Etiam capillus unus habet umbram suam
[pronuncia
scolastica: èziam capìllus unus abet umbram suam]
[pronuncia
restituita: ètiam capìllus unus habet umbram suam]
Publilio Sirio, nelle sue Sententiae,
scriveva che “anche un solo capello ha una sua ombra”, per ribadire che non
bisogna trascurare i dettagli che sembrano più insignificanti. Spesso la
soluzione a un problema, o la chiave di lettura giusta per affrontare un
discorso sta nell’osservazione di quei particolari che possono apparire
insignificanti. È quello che disse Freud quando comprese che per interpretare
la pulsione che muove il contenuto di un sogno, non si deve badare solo alla
scena primaria, cioè a ciò che sta al centro della rappresentazione onirica, ma
a quegli elementi decentrati, messi in secondo piano, poiché l’inconscio tenta
di censurare il suo vero messaggio. E anche i fisici, quando vogliono spiegare
fenomeni enormi e onnicomprensivi come il big bang, non possono fare a meno di
ricorrere a quelle minuscole particelle subatomiche che neanche si vedono ad
occhio nudo ma che stanno alla base di tutto.
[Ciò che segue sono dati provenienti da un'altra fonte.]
lemma minimum_at_breakpoint:
  fixes g :: "real \<Rightarrow> real"
  assumes "finite S" "{0,1} \<subseteq> S" "x \<in> {0..1}" "lo \<le> x" "x \<le> hi"
    and pieces: "\<And>a b. a \<in> S \<Longrightarrow> b \<in> S \<Longrightarrow> a < b \<Longrightarrow> S \<inter> {a<..<b} = {} \<Longrightarrow>
      mono_on {a..b} g \<or> antimono_on {a..b} g \<or> concave_on {a..b} g"
  shows "\<exists>y. lo \<le> y \<and> y \<le> hi \<and> g y \<le> g x \<and> (y = lo \<or> y = hi \<or> y \<in> S)"
proof (cases "x \<in> S")
  case True
  then show ?thesis using assms by blast
next
  case False
  then obtain a b where ab: "a \<in> S" "b \<in> S" "a < x" "x < b" "S \<inter> {a<..<b} = {}"
    using finite_set_encloses assms by blast
  define l where "l = max lo a"
  define r where "r = min hi b"
  have lr: "l \<le> x" "x \<le> r" "{l..r} \<subseteq> {a..b}"
    using ab assms by (auto simp: l_def r_def)
  have l_ok: "lo \<le> l \<and> l \<le> hi \<and> (l = lo \<or> l = hi \<or> l \<in> S)"
    using ab assms by (auto simp: l_def max_def)
  have r_ok: "lo \<le> r \<and> r \<le> hi \<and> (r = lo \<or> r = hi \<or> r \<in> S)"
    using ab assms by (auto simp: r_def min_def)
  have "a < b" using ab by linarith
  then consider "mono_on {a..b} g" | "antimono_on {a..b} g" | "concave_on {a..b} g"
    using pieces ab(1,2,5) by blast
  then show ?thesis
  proof cases
    case 1
    have "g l \<le> g x"
      using lr by (intro mono_onD[OF 1]) auto
    then show ?thesis using l_ok by blast
  next
    case 2
    have "g r \<le> g x"
      using lr monotone_onD[OF 2, of x r] by auto
    then show ?thesis using r_ok by blast
  next
    case 3
    then have "concave_on {l..r} g"
      using lr by (auto intro: convex_on_subset simp: concave_on_def)
    then have "min (g l) (g r) \<le> g x"
      using lr by (intro concave_on_ge_min) auto
    then show ?thesis using l_ok r_ok by (metis min_def)
  qed
qed

lemma concave_on_linear_plus_convex:
  fixes f :: "real \<Rightarrow> real"
  assumes "convex S" "convex_on S f" "C \<le> 0"
  shows "concave_on S (\<lambda>t. A * t + C * f t)"
proof -
  have "convex_on S (\<lambda>t. - A * t)"
    using \<open>convex S\<close> by (simp add: convex_on_def algebra_simps)
  moreover have "convex_on S (\<lambda>t. - C * f t)"
    using assms by (intro convex_on_cmul) auto
  ultimately have "convex_on S (\<lambda>t. - A * t + - C * f t)"
    by (rule convex_on_add)
  then show ?thesis
    unfolding concave_on_def by (simp add: algebra_simps)
qed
O Tite tute Tati tibi tanta tyranne tulisti
[pronuncia scolastica: o
Tite tute Tazi tibi tanta tirànne tulìsti]
[pronuncia restituita: o
Tite tute Tati tibi tanta türànne tulìsti]
“O tiranno Tito Tazio tu stesso ti sei
attirato cose tanto tremende”. Si legge questa frase negli Annales di Ennio, dove si parla di Tito Tazio, uno dei re di Roma
che però non vengono citati nel famoso elenco dei sette re (che è un elenco
leggendario): Tito Tazio fu re assieme a Romolo per un breve periodo e di lui
si hanno testimonianze tra gli storici della latinità. Questa frase non ha una
particolare importanza didascalica, non volendo insegnare alcun principio, ma è
diventata famosa a causa dell’enorme numero di allitterazioni a base di T
presenti praticamente in ogni parola. Questo espediente retorico l’ha resa
molto famosa per due motivi: da una parte infatti è conosciuta come uno
scioglilingua molto simpatico (assieme ad altri di cui il mondo letterario
latino è pieno); dall’altra è stata atrocemente condannata nel più antico
trattato di retorica in lingua latina a noi mai pervenuto Rhetorica ad Herennium come pessimo esempio di retorica.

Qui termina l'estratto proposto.